DATA PROVIDED ▸
(* For every $0<\varepsilon\le1$ there is a sequence $(n_j,g_j)$ of pairs of positive integers such that $\frac{C(g_j,n_j)}{n_j}\gtrsim\varepsilon$ and $\frac{g_j}{n_j}\lesssim\varepsilon^2$ as $j\to\infty$.
   Context: A set $S$ of integers is a $B^*[g]\pmod n$ set if for every integer $m$ there are at most $g$ ordered pairs $(s_1,s_2)\in S\times S$ with $s_1+s_2\equiv m\pmod n$. $C(g,n)$ is the largest cardinality of a $B^*[g]\pmod n$ set contained in $\{1,\dots,n\}$. For positive sequences, $a_j\gtrsim b_j$ (equivalently $b_j\lesssim a_j$) means $\liminf_{j\to\infty}a_j/b_j\ge1$. *)

theory Defs
  imports "HOL-Number_Theory.Number_Theory" "HOL-Library.Liminf_Limsup" "HOL-Library.Extended_Real"
begin

text \<open>S is a B*[g] (mod n) set: for every integer m there are at most g ordered pairs
  (s1,s2) in S x S with s1 + s2 = m (mod n). (The set of such pairs is required to be finite,
  so that the count is meaningful.)\<close>
definition Bstar_mod :: "nat \<Rightarrow> nat \<Rightarrow> int set \<Rightarrow> bool" where
  "Bstar_mod g n S \<longleftrightarrow>
     (\<forall>m::int. finite {(s1, s2). s1 \<in> S \<and> s2 \<in> S \<and> [s1 + s2 = m] (mod int n)}
             \<and> card {(s1, s2). s1 \<in> S \<and> s2 \<in> S \<and> [s1 + s2 = m] (mod int n)} \<le> g)"

definition Cgn :: "nat \<Rightarrow> nat \<Rightarrow> nat" where
  "Cgn g n = Max {card S | S. S \<subseteq> {1..int n} \<and> Bstar_mod g n S}"

definition asymp_ge :: "(nat \<Rightarrow> real) \<Rightarrow> (nat \<Rightarrow> real) \<Rightarrow> bool" where
  "asymp_ge a b \<longleftrightarrow> liminf (\<lambda>j. ereal (a j / b j)) \<ge> 1"

end

(* Let p > 2 be prime and l <= p. Writing residues mod p^3 in base p as r = x + p y + p^2 z, keep
   those with (z - x y) mod p < l; there are p^2 l of them. If r and M - r both belong to this set,
   the condition on M - r is, for fixed x and i = (z - x y) mod p, an affine condition on y with
   slope (M - x) mod p - x (up to a carry), so at most l + 1 values of y survive, except for the
   single x with 2 x = M (mod p). Hence every residue M is a sum in at most p l (l + 2) ways.
   Choosing l = ceiling (eps p) and n = p^3 gives C(g,n)/n >= eps and g/n <= eps^2 + 7/p. *)

theory Submission
  imports Defs
begin

lemma base_digits:
  fixes P x y z :: int
  assumes "0 \<le> x" "x < P" "0 \<le> y" "y < P"
  shows "(x + P*y + P^2*z) mod P = x" "(x + P*y + P^2*z) div P = y + P*z"
    and "(x + P*y + P^2*z) div P^2 = z"
proof -
  have regroup: "x + P*y + P^2*z = x + P*(y + P*z)" by (simp add: power2_eq_square algebra_simps)
  show "(x + P*y + P^2*z) mod P = x" and div: "(x + P*y + P^2*z) div P = y + P*z"
    unfolding regroup using assms by simp_all
  have "(x + P*y + P^2*z) div P^2 = (x + P*y + P^2*z) div P div P"
    using assms by (simp add: power2_eq_square zdiv_zmult2_eq)
  then show "(x + P*y + P^2*z) div P^2 = z"
    unfolding div using assms by simp
qed

lemma base_digits_decomp:
  fixes P r :: int
  assumes "0 < P"
  shows "r mod P + P*((r div P) mod P) + P^2*(r div P^2) = r"
proof -
  have "r div P^2 = r div P div P"
    using assms by (simp add: power2_eq_square zdiv_zmult2_eq)
  then have "P*((r div P) mod P) + P^2*(r div P^2) = P*(r div P)"
    by (simp add: power2_eq_square mult.assoc flip: distrib_left)
  then show ?thesis by (metis add.assoc mod_mult_div_eq)
qed

lemma base_digits_range:
  fixes P x y z :: int
  assumes "0 \<le> x" "x < P" "0 \<le> y" "y < P" "0 \<le> z" "z < P"
  shows "x + P*y + P^2*z \<in> {0..<P^3}"
proof -
  have "P*z \<le> P*(P - 1)" using assms by (intro mult_left_mono) auto
  then have "y + P*z \<le> P*P - 1" using assms by (simp add: algebra_simps)
  then have "P*(y + P*z) \<le> P*(P*P - 1)" using assms by (intro mult_left_mono) auto
  then show ?thesis using assms by (simp add: power2_eq_square power3_eq_cube algebra_simps)
qed

lemma top_digit_range:
  fixes P r :: int
  assumes "0 < P" "r \<in> {0..<P^3}"
  shows "r div P^2 \<in> {0..<P}"
proof -
  have "0 \<le> r mod P^2" using assms by simp
  then have "P^2 * (r div P^2) \<le> r" using mult_div_mod_eq[of "P^2" r] by linarith
  also have "r < P^2 * P" using assms by (simp add: power2_eq_square power3_eq_cube)
  finally show ?thesis using assms by (simp add: pos_imp_zdiv_nonneg_iff)
qed

lemma div_diff_digit:
  fixes P Y y :: int
  assumes "0 \<le> y" "y < P"
  shows "(Y - y) div P \<in> {Y div P - 1, Y div P}"
proof -
  have split: "Y - y = (Y mod P - y) + P * (Y div P)" by simp
  have div: "(Y - y) div P = (Y mod P - y) div P + Y div P"
    using assms by (subst split) simp
  have bounds: "0 \<le> Y mod P" "Y mod P < P" using assms by simp_all
  have "(Y mod P - y) div P \<in> {-1, 0}"
  proof (cases "y \<le> Y mod P")
    case True
    have "(Y mod P - y) div P = 0"
      using True bounds assms by (intro div_pos_pos_trivial) linarith+
    then show ?thesis by simp
  next
    case False
    have "(Y mod P - y) div P = -1"
      by (rule int_div_pos_eq[where r = "Y mod P - y + P"]) (use False bounds assms in linarith)+
    then show ?thesis by simp
  qed
  then show ?thesis using div by auto
qed

lemma mod_le_mod_pred_plus_1:
  fixes P d :: int
  assumes "0 < P"
  shows "d mod P \<le> (d - 1) mod P + 1"
proof -
  have "d mod P = ((d - 1) mod P + 1) mod P" by (simp add: mod_add_left_eq)
  also have "\<dots> \<le> (d - 1) mod P + 1"
    using assms by (simp add: zmod_le_nonneg_dividend)
  finally show ?thesis .
qed

(* For r = x + P*y + P^2*z with digits x, y this is (z - x*y) mod P (twist_digits); writing r div P
   instead of the digit y makes it depend on r mod P^3 only (twist_mod_cube). *)
definition twist :: "int \<Rightarrow> int \<Rightarrow> int" where
  "twist P r = (r div P^2 - (r mod P) * (r div P)) mod P"

lemma twist_digits:
  fixes P x y z :: int
  assumes "0 \<le> x" "x < P" "0 \<le> y" "y < P"
  shows "twist P (x + P*y + P^2*z) = (z - x*y) mod P"
proof -
  have e: "z - x*(y + P*z) = (z - x*y) + (-x*z)*P" by (simp add: algebra_simps)
  show ?thesis unfolding twist_def base_digits[OF assms] e by (rule mod_mult_self1)
qed

lemma twist_mod_cube:
  fixes P r :: int
  assumes "0 < P"
  shows "twist P (r mod P^3) = twist P r"
proof -
  define u q where "u = r mod P^3" and "q = r div P^3"
  have "r = u + P^3*q" unfolding u_def q_def by simp
  then have r1: "r = u + P*(P^2*q)" and r2: "r = u + P^2*(P*q)"
    by (simp_all add: power2_eq_square power3_eq_cube mult.assoc)
  have "r mod P = u mod P" "r div P = u div P + P^2*q"
    using assms by (subst r1, simp)+
  moreover have "r div P^2 = u div P^2 + P*q"
    using assms by (subst r2) simp
  ultimately have "r div P^2 - r mod P * (r div P)
                    = u div P^2 - u mod P * (u div P) + P*(q - u mod P * P * q)"
    by (simp add: power2_eq_square algebra_simps)
  then show ?thesis unfolding twist_def u_def by simp
qed

definition twisted_residues :: "int \<Rightarrow> int \<Rightarrow> int set" where
  "twisted_residues P L = {r \<in> {0..<P^3}. twist P r < L}"

definition twisted_coords :: "int \<Rightarrow> int \<Rightarrow> int \<times> int \<times> int" where
  "twisted_coords P r = (r mod P, twist P r, (r div P) mod P)"

lemma bij_betw_twisted_coords:
  fixes P :: int
  assumes "0 < P"
  shows "bij_betw (twisted_coords P) {0..<P^3} ({0..<P} \<times> {0..<P} \<times> {0..<P})"
proof (rule bij_betwI[where g = "\<lambda>(x, i, y). x + P*y + P^2*((i + x*y) mod P)"])
  show "twisted_coords P \<in> {0..<P^3} \<rightarrow> {0..<P} \<times> {0..<P} \<times> {0..<P}"
    using assms by (auto simp: twisted_coords_def twist_def)
  show "(\<lambda>(x, i, y). x + P*y + P^2*((i + x*y) mod P)) \<in> {0..<P} \<times> {0..<P} \<times> {0..<P} \<rightarrow> {0..<P^3}"
    using assms by (auto intro!: base_digits_range)
next
  fix r assume r: "r \<in> {0..<P^3}"
  define x y z where "x = r mod P" and "y = (r div P) mod P" and "z = r div P^2"
  have digits: "0 \<le> x" "x < P" "0 \<le> y" "y < P" "0 \<le> z" "z < P"
    using assms top_digit_range[OF assms r] unfolding x_def y_def z_def by auto
  have r_eq: "r = x + P*y + P^2*z"
    unfolding x_def y_def z_def using base_digits_decomp[OF assms] by simp
  have "(twist P r + x*y) mod P = z"
    unfolding r_eq twist_digits[OF digits(1-4)] using digits by (simp add: mod_add_left_eq)
  then have "(\<lambda>(x, i, y). x + P*y + P^2*((i + x*y) mod P)) (twisted_coords P r) = x + P*y + P^2*z"
    unfolding twisted_coords_def x_def y_def by simp
  then show "(\<lambda>(x, i, y). x + P*y + P^2*((i + x*y) mod P)) (twisted_coords P r) = r"
    using r_eq by simp
next
  fix t assume "t \<in> {0..<P} \<times> {0..<P} \<times> {0..<P}"
  then obtain x i y where t: "t = (x, i, y)" and digits: "0 \<le> x" "x < P" "0 \<le> i" "i < P" "0 \<le> y" "y < P"
    by auto
  have "((i + x*y) mod P - x*y) mod P = i"
    using digits by (simp add: mod_diff_left_eq)
  then show "twisted_coords P ((\<lambda>(x, i, y). x + P*y + P^2*((i + x*y) mod P)) t) = t"
    unfolding t twisted_coords_def using digits by (simp add: base_digits twist_digits)
qed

WORK ORDER ▸ Show all of the lines above in which "thesis" is present.

SOLUTION ▸
  then show ?thesis by (metis add.assoc mod_mult_div_eq)
  then show ?thesis using assms by (simp add: power2_eq_square power3_eq_cube algebra_simps)
  finally show ?thesis using assms by (simp add: pos_imp_zdiv_nonneg_iff)
    then show ?thesis by simp
    then show ?thesis by simp
  then show ?thesis using div by auto
  finally show ?thesis .
  show ?thesis unfolding twist_def base_digits[OF assms] e by (rule mod_mult_self1)
  then show ?thesis unfolding twist_def u_def by simp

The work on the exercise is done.